According to the rule, when cryptocurrency is being transferred between two CEXs, information of the users involved in the transaction must be shared between the exchanges.
When the transaction exceeds S$1,500 in value, the sender’s address, IC number, and date of birth, are all sent over to the receiving CEX. For transactions below that threshold, only the name and wallet ID is shared.
Currently, there are no regulations stopping cryptocurrency being sent to or received from a decentralised wallet.
Exchanges are alerted that such transactions carry a higher risk of being illicit, and are left to carry out enhanced due diligence measures at their own discretion.
Loophole: P2P crypto exchanges
P2P exchanges allow users to bypass CEX regulations and convert between cryptocurrency and fiat money.
On such platforms, users trade with each other directly after agreeing upon a set price.
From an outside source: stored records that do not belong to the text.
(* $\mathsf{ICM}$ equals the variety generated by the class $\mathsf{ICF}$ of implicitly closed fields, and the term $t(x,y,z)=x(x-y)(x-y)^*+z(1-(x-y)(x-y)^* )$ satisfies, for every $\mathbf A\in\mathsf{ICF}$ and $a,b,c\in A$, $t^{\mathbf A}(a,b,c)=c$ if $a=b$ and $t^{\mathbf A}(a,b,c)=a$ otherwise. Consequently $\mathsf{ICM}$ is a discriminator variety.
   Context: A field is weakly rooted if it has characteristic $0$, or has prime characteristic $p$ and every element has a $p$-th root. Weak inverse: $a^*=a^{-1}$ if $a\ne0$, $0^*=0$. Weak $p$-root (in a weakly rooted field, $p$ prime): $r_p(a)=\sqrt[p]{a}$ if the characteristic is $p$, and $0$ otherwise. An implicitly closed field is a weakly rooted field (ring language) expanded by $(\,)^*$ and all $r_p$; $\mathsf{ICF}$ is their class. $\mathsf{ICM}$ is the class of algebras isomorphic to subalgebras of direct products of members of $\mathsf{ICF}$. A variety is a discriminator variety if it is generated by a class $\mathsf K$ admitting a term $t(x,y,z)$ with $t^{\mathbf A}(a,b,c)=c$ if $a=b$ and $=a$ otherwise, for all $\mathbf A\in\mathsf K$. *)

theory Defs
  imports "HOL-Algebra.Ring" "HOL-Computational_Algebra.Primes"
begin

text \<open>Signature: 0, 1, binary +, unary -, binary *, the weak inverse ( )^*, and
  for every prime p the unary weak p-root r_p.  The component ic_root p is only
  relevant for prime p (homomorphisms/subalgebras only refer to prime p).\<close>

record 'a icalg =
  ic_carrier :: "'a set"
  ic_zero :: 'a
  ic_one :: 'a
  ic_add :: "'a \<Rightarrow> 'a \<Rightarrow> 'a"
  ic_neg :: "'a \<Rightarrow> 'a"
  ic_mul :: "'a \<Rightarrow> 'a \<Rightarrow> 'a"
  ic_star :: "'a \<Rightarrow> 'a"
  ic_root :: "nat \<Rightarrow> 'a \<Rightarrow> 'a"

definition ic_closed :: "'a icalg \<Rightarrow> 'a set \<Rightarrow> bool" where
  "ic_closed A S \<longleftrightarrow>
     ic_zero A \<in> S \<and> ic_one A \<in> S \<and>
     (\<forall>x\<in>S. \<forall>y\<in>S. ic_add A x y \<in> S \<and> ic_mul A x y \<in> S) \<and>
     (\<forall>x\<in>S. ic_neg A x \<in> S \<and> ic_star A x \<in> S) \<and>
     (\<forall>p. prime p \<longrightarrow> (\<forall>x\<in>S. ic_root A p x \<in> S))"

definition ic_alg :: "'a icalg \<Rightarrow> bool" where
  "ic_alg A \<longleftrightarrow> ic_closed A (ic_carrier A)"

definition ic_hom :: "('a \<Rightarrow> 'b) \<Rightarrow> 'a icalg \<Rightarrow> 'b icalg \<Rightarrow> bool" where
  "ic_hom h A B \<longleftrightarrow>
     (\<forall>x\<in>ic_carrier A. h x \<in> ic_carrier B) \<and>
     h (ic_zero A) = ic_zero B \<and> h (ic_one A) = ic_one B \<and>
     (\<forall>x\<in>ic_carrier A. \<forall>y\<in>ic_carrier A.
        h (ic_add A x y) = ic_add B (h x) (h y) \<and> h (ic_mul A x y) = ic_mul B (h x) (h y)) \<and>
     (\<forall>x\<in>ic_carrier A. h (ic_neg A x) = ic_neg B (h x) \<and> h (ic_star A x) = ic_star B (h x)) \<and>
     (\<forall>p. prime p \<longrightarrow> (\<forall>x\<in>ic_carrier A. h (ic_root A p x) = ic_root B p (h x)))"

definition ic_prod :: "'i set \<Rightarrow> ('i \<Rightarrow> 'k icalg) \<Rightarrow> ('i \<Rightarrow> 'k) icalg" where
  "ic_prod I F =
    \<lparr> ic_carrier = (\<Pi>\<^sub>E i\<in>I. ic_carrier (F i)),
      ic_zero = (\<lambda>i\<in>I. ic_zero (F i)),
      ic_one = (\<lambda>i\<in>I. ic_one (F i)),
      ic_add = (\<lambda>f g. \<lambda>i\<in>I. ic_add (F i) (f i) (g i)),
      ic_neg = (\<lambda>f. \<lambda>i\<in>I. ic_neg (F i) (f i)),
      ic_mul = (\<lambda>f g. \<lambda>i\<in>I. ic_mul (F i) (f i) (g i)),
      ic_star = (\<lambda>f. \<lambda>i\<in>I. ic_star (F i) (f i)),
      ic_root = (\<lambda>p f. \<lambda>i\<in>I. ic_root (F i) p (f i)) \<rparr>"
(* Suppose the ST problem for $(D_{SC},F,B)$ has a positive answer. Then there is a solution $\{\pi(v): v \text{ a source of } D_{SC}\}$ such that (a) $\pi(u_{i,j})=P_{i,j}$ for every $i\in\mathcal U$ and $j\in I_i$, and (b) for every $t\in\{1,\dots,k\}$ there is $l\in\{1,\dots,m\}$ with $\pi(z_t)=(z_t,z)\circ P^h_l$ (concatenation of the arc $(z_t,z)$ with the horizontal path $P^h_l$).
   Context: Snow Team problem (ST): given a digraph $D=(\mathcal V,\mathcal A)$ whose underlying graph is connected, and $F:\mathcal V\to\{0,1\}$, $B:\mathcal V\to\mathbb N$, with $\mathbf k_B=\sum_vB(v)$: do there exist $\mathbf k_B$ directed walks, exactly $B(v)$ of which start at each $v$, such that, letting $H$ be the subgraph consisting of the vertices and arcs of these walks, all vertices of $F^{-1}(1)$ lie in one connected component of the underlying undirected graph of $H$? Such walks form a solution. Construction: $\mathcal U=\{1,\dots,n\}$, $\mathcal S=\{S_1,\dots,S_m\}$ with $S_t\subseteq\mathcal U$, $\bigcup_tS_t=\mathcal U$, and $1\le k\le m$. Write $S_t=\{x_1<\dots<x_{\ell(t)}\}$ and $I_i=\{j: i\in S_j\}$. The digraph $D_{SC}$ has vertices $u_i$ ($i\in\mathcal U$); $u_{i,j},u'_{i,j},v_{i,j},v'_{i,j}$ ($i\in\mathcal U$, $j\in I_i$); and $z,z_1,\dots,z_k$. Its arcs are those of the vertical paths $P_{i,j}=(u_{i,j},u_i,u'_{i,j},v_{i,j},v'_{i,j})$ ($i\in\mathcal U,j\in I_i$), of the horizontal paths $P^h_t=(z,v_{x_1,t},v_{x_2,t},\dots,v_{x_{\ell(t)},t})$ ($t\in\{1,\dots,m\}$, with $x_1<\dots<x_{\ell(t)}$ the elements of $S_t$), and the arcs $(z_l,z)$ for $l=1,\dots,k$. Set $F(v)=1$ for all vertices $v$, and $B(v)=1$ if $v$ is a source of $D_{SC}$ (i.e. $v\in\{u_{i,j}\}\cup\{z_1,\dots,z_k\}$) and $B(v)=0$ otherwise. Since $D_{SC}$ is acyclic, every solution consists of one directed path $\pi(v)$ starting at each source $v$. *)

theory Defs
  imports Main
begin

definition is_walk :: "'a set \<Rightarrow> ('a \<times> 'a) set \<Rightarrow> 'a list \<Rightarrow> bool" where
  "is_walk V A w \<longleftrightarrow> w \<noteq> [] \<and> set w \<subseteq> V \<and> (\<forall>i. Suc i < length w \<longrightarrow> (w ! i, w ! Suc i) \<in> A)"

definition walk_arcs :: "'a list \<Rightarrow> ('a \<times> 'a) set" where
  "walk_arcs w = {(w ! i, w ! Suc i) | i. Suc i < length w}"

text \<open>A family of walks W: for each vertex v and each index i < B v, W v i is the
i-th walk starting at v (so exactly B v walks start at v, k_B in total).\<close>
definition H_vertices :: "'a set \<Rightarrow> ('a \<Rightarrow> nat) \<Rightarrow> ('a \<Rightarrow> nat \<Rightarrow> 'a list) \<Rightarrow> 'a set" where
  "H_vertices V B W = (\<Union>v\<in>V. \<Union>i<B v. set (W v i))"

definition H_arcs :: "'a set \<Rightarrow> ('a \<Rightarrow> nat) \<Rightarrow> ('a \<Rightarrow> nat \<Rightarrow> 'a list) \<Rightarrow> ('a \<times> 'a) set" where
  "H_arcs V B W = (\<Union>v\<in>V. \<Union>i<B v. walk_arcs (W v i))"

definition st_solution ::
  "'a set \<Rightarrow> ('a \<times> 'a) set \<Rightarrow> ('a \<Rightarrow> nat) \<Rightarrow> ('a \<Rightarrow> nat) \<Rightarrow> ('a \<Rightarrow> nat \<Rightarrow> 'a list) \<Rightarrow> bool" where
  "st_solution V A F B W \<longleftrightarrow>
     (\<forall>v\<in>V. \<forall>i<B v. is_walk V A (W v i) \<and> hd (W v i) = v) \<and>
     (\<forall>x\<in>V. F x = 1 \<longrightarrow> x \<in> H_vertices V B W) \<and>
     (\<forall>x\<in>V. \<forall>y\<in>V. F x = 1 \<longrightarrow> F y = 1 \<longrightarrow>
        (x, y) \<in> (H_arcs V B W \<union> (H_arcs V B W)\<inverse>)\<^sup>*)"

definition st_positive ::
  "'a set \<Rightarrow> ('a \<times> 'a) set \<Rightarrow> ('a \<Rightarrow> nat) \<Rightarrow> ('a \<Rightarrow> nat) \<Rightarrow> bool" where
  "st_positive V A F B \<longleftrightarrow> (\<exists>W. st_solution V A F B W)"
One user sends over money via bank transfer and in return, the receiving party sends crypto to their wallet.
Since there is no record linking the two transactions and the cryptocurrency never leaves a decentralised wallet, it’s impossible to track down the parties behind the trade.
P2P exchanges are often used by people residing in countries where it’s illegal to own crypto.
They can also be exploited by users who are trying to offload stolen crypto. Aware that they’re unable to withdraw their coins through a CEX, these users can sell off large amounts on P2P exchanges by offering a rate which is slightly lower than that of the market.
What does the future hold?
By virtue of decentralisation, the power to stay anonymous on a blockchain remains with the user. However, authorities are still able to regulate the space by monitoring entry and exit points. This appears to be a fair compromise as it dissuades the illicit use of anonymity, while allowing regular users to continue reaping its benefits.
That being said, new ways to mask blockchain transactions have now begun to emerge. As the technology evolves, it’s more than likely that new regulations will follow suit in the near future.